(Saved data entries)
━━━━━━━━━━
(* Let $L=\{<,\ldots\}$ be a countable first order language containing a binary relation symbol $<$, and let $T$ be a complete $L$-theory with Skolem functions in which $<$ is interpreted as a linear order. Then: (i) If $T$ satisfies the inaccessibility scheme, then $T$ satisfies the regularity scheme for formulas with $|\bar{x}|=1$. (ii) If $T$ satisfies the regularity scheme for formulas with $|\bar{x}|=1$, then $T$ satisfies the regularity scheme (for formulas with $\bar{x}$ of arbitrary finite length).
   Context: For a formula $\varphi(\bar{x},\bar{t})$ and tuples $\bar{y}_0,\bar{y}_1$ of the same length as $\bar{x}$, write $E_{\varphi}(\bar{y}_0,\bar{y}_1;z_0)$ for $(\forall \bar{t}<z_0)(\varphi(\bar{y}_0,\bar{t})\leftrightarrow\varphi(\bar{y}_1,\bar{t}))$; here $\bar{t}<z_0$ means every coordinate of $\bar{t}$ is $<z_0$. $T$ satisfies the inaccessibility scheme if for every $L$-formula $\varphi(\bar{x},\bar{t})$ (with $\bar{x}$ of any finite length), $T\models (\forall z_0)(\exists z_1>z_0)(\forall\bar{y}_0)(\exists\bar{y}_1<z_1)E_{\varphi}(\bar{y}_0,\bar{y}_1;z_0)$. "$T$ has Skolem functions" means that for every formula $\theta(y,\bar{x})$ there is a term $\tau(\bar{x})$ of $L$ with $T\models \forall\bar{x}(\exists y\,\theta(y,\bar{x})\to\theta(\tau(\bar{x}),\bar{x}))$. For $\bar{x}=(x_1,\ldots,x_n)$ and a formula $\chi(\bar{x})$ with parameters from a model $M$, $\chi(\bar{x})$ is $\bar{x}$-unbounded in $M$ if $M\models(\forall\alpha_1)(\exists x_1>\alpha_1)\cdots(\forall\alpha_n)(\exists x_n>\alpha_n)\chi(\bar{x})$; otherwise it is $\bar{x}$-bounded. $T$ satisfies the regularity scheme (for formulas with $|\bar{x}|=k$, resp. for all $\bar{x}$) if for every $L$-formula $\varphi(\bar{x},\bar{y},\bar{t})$ (with $|\bar{x}|=k$, resp. arbitrary), every model $M\models T$, every $y_0\in M$ and every $\bar{b}\in M$ with $|\bar{b}|=|\bar{t}|$: if $(\exists\bar{y}<y_0)\varphi(\bar{x},\bar{y},\bar{b})$ is $\bar{x}$-unbounded in $M$, then there is $\bar{y}_1\in M$ with $\bar{y}_1<y_0$ (coordinatewise) such that $\varphi(\bar{x},\bar{y}_1,\bar{b})$ is $\bar{x}$-unbounded in $M$. *)

theory Defs
  imports Main "HOL-Library.Countable_Set"
begin

datatype 'f trm = Var nat | Fn 'f "'f trm list"

datatype ('f, 'r) fm =
    Eq "'f trm" "'f trm"
  | Rel 'r "'f trm list"
  | Neg "('f, 'r) fm"
  | Conj "('f, 'r) fm" "('f, 'r) fm"
  | Ex nat "('f, 'r) fm"

fun wf_trm :: "('f \<Rightarrow> nat) \<Rightarrow> 'f trm \<Rightarrow> bool" where
  "wf_trm fa (Var n) = True"
| "wf_trm fa (Fn f ts) = (length ts = fa f \<and> list_all (wf_trm fa) ts)"

fun vars_trm :: "'f trm \<Rightarrow> nat set" where
  "vars_trm (Var n) = {n}"
| "vars_trm (Fn f ts) = \<Union> (set (map vars_trm ts))"

fun wf_fm :: "('f \<Rightarrow> nat) \<Rightarrow> ('r \<Rightarrow> nat) \<Rightarrow> ('f, 'r) fm \<Rightarrow> bool" where
  "wf_fm fa ra (Eq s t) = (wf_trm fa s \<and> wf_trm fa t)"
| "wf_fm fa ra (Rel r ts) = (length ts = ra r \<and> list_all (wf_trm fa) ts)"
| "wf_fm fa ra (Neg p) = wf_fm fa ra p"
| "wf_fm fa ra (Conj p q) = (wf_fm fa ra p \<and> wf_fm fa ra q)"
| "wf_fm fa ra (Ex x p) = wf_fm fa ra p"

fun fv :: "('f, 'r) fm \<Rightarrow> nat set" where
  "fv (Eq s t) = vars_trm s \<union> vars_trm t"
| "fv (Rel r ts) = \<Union> (set (map vars_trm ts))"
| "fv (Neg p) = fv p"
| "fv (Conj p q) = fv p \<union> fv q"
| "fv (Ex x p) = fv p - {x}"

definition L_sentence :: "('f \<Rightarrow> nat) \<Rightarrow> ('r \<Rightarrow> nat) \<Rightarrow> ('f, 'r) fm \<Rightarrow> bool" where
  "L_sentence fa ra \<sigma> \<longleftrightarrow> wf_fm fa ra \<sigma> \<and> fv \<sigma> = {}"

record ('a, 'f, 'r) struc =
  U :: "'a set"
  FI :: "'f \<Rightarrow> 'a list \<Rightarrow> 'a"
  RI :: "'r \<Rightarrow> 'a list \<Rightarrow> bool"

definition is_struct :: "('f \<Rightarrow> nat) \<Rightarrow> ('a, 'f, 'r) struc \<Rightarrow> bool" where
  "is_struct fa M \<longleftrightarrow> U M \<noteq> {} \<and>
     (\<forall>f as. length as = fa f \<and> set as \<subseteq> U M \<longrightarrow> FI M f as \<in> U M)"

definition is_env :: "('a, 'f, 'r) struc \<Rightarrow> (nat \<Rightarrow> 'a) \<Rightarrow> bool" where
  "is_env M e \<longleftrightarrow> (\<forall>v. e v \<in> U M)"

fun evalt :: "('a, 'f, 'r) struc \<Rightarrow> (nat \<Rightarrow> 'a) \<Rightarrow> 'f trm \<Rightarrow> 'a" where
  "evalt M e (Var n) = e n"
| "evalt M e (Fn f ts) = FI M f (map (evalt M e) ts)"

fun sat :: "('a, 'f, 'r) struc \<Rightarrow> (nat \<Rightarrow> 'a) \<Rightarrow> ('f, 'r) fm \<Rightarrow> bool" where
  "sat M e (Eq s t) = (evalt M e s = evalt M e t)"
| "sat M e (Rel r ts) = RI M r (map (evalt M e) ts)"
| "sat M e (Neg p) = (\<not> sat M e p)"
| "sat M e (Conj p q) = (sat M e p \<and> sat M e q)"
| "sat M e (Ex x p) = (\<exists>a\<in>U M. sat M (e(x := a)) p)"

definition models :: "'a itself \<Rightarrow> ('f \<Rightarrow> nat) \<Rightarrow> ('r \<Rightarrow> nat) \<Rightarrow> ('f, 'r) fm set
    \<Rightarrow> ('a, 'f, 'r) struc set" where
  "models _ fa ra T = {M. is_struct fa M \<and> (\<forall>\<sigma>\<in>T. \<forall>e. is_env M e \<longrightarrow> sat M e \<sigma>)}"

text \<open>Semantic consequence \<open>T \<Turnstile> \<phi>\<close> (universal closure), relative to models in \<open>'a\<close>.\<close>
definition entails :: "'a itself \<Rightarrow> ('f \<Rightarrow> nat) \<Rightarrow> ('r \<Rightarrow> nat) \<Rightarrow> ('f, 'r) fm set
    \<Rightarrow> ('f, 'r) fm \<Rightarrow> bool" where
  "entails A fa ra T \<phi> \<longleftrightarrow> (\<forall>M\<in>models A fa ra T. \<forall>e. is_env M e \<longrightarrow> sat M e \<phi>)"

definition complete_theory :: "'a itself \<Rightarrow> ('f \<Rightarrow> nat) \<Rightarrow> ('r \<Rightarrow> nat) \<Rightarrow> ('f, 'r) fm set \<Rightarrow> bool" where
  "complete_theory A fa ra T \<longleftrightarrow>
     (\<forall>\<sigma>\<in>T. L_sentence fa ra \<sigma>) \<and> models A fa ra T \<noteq> {} \<and>
     (\<forall>\<sigma>. L_sentence fa ra \<sigma> \<longrightarrow> entails A fa ra T \<sigma> \<or> entails A fa ra T (Neg \<sigma>))"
━━━━━━━━━━
| Task to complete |
Copy exactly, please, the span of lines that begins at the line with "fa M \<and>" and ends at the last line of the data, both included.

| Task output |
  "models _ fa ra T = {M. is_struct fa M \<and> (\<forall>\<sigma>\<in>T. \<forall>e. is_env M e \<longrightarrow> sat M e \<sigma>)}"

text \<open>Semantic consequence \<open>T \<Turnstile> \<phi>\<close> (universal closure), relative to models in \<open>'a\<close>.\<close>
definition entails :: "'a itself \<Rightarrow> ('f \<Rightarrow> nat) \<Rightarrow> ('r \<Rightarrow> nat) \<Rightarrow> ('f, 'r) fm set
    \<Rightarrow> ('f, 'r) fm \<Rightarrow> bool" where
  "entails A fa ra T \<phi> \<longleftrightarrow> (\<forall>M\<in>models A fa ra T. \<forall>e. is_env M e \<longrightarrow> sat M e \<phi>)"

definition complete_theory :: "'a itself \<Rightarrow> ('f \<Rightarrow> nat) \<Rightarrow> ('r \<Rightarrow> nat) \<Rightarrow> ('f, 'r) fm set \<Rightarrow> bool" where
  "complete_theory A fa ra T \<longleftrightarrow>
     (\<forall>\<sigma>\<in>T. L_sentence fa ra \<sigma>) \<and> models A fa ra T \<noteq> {} \<and>
     (\<forall>\<sigma>. L_sentence fa ra \<sigma> \<longrightarrow> entails A fa ra T \<sigma> \<or> entails A fa ra T (Neg \<sigma>))"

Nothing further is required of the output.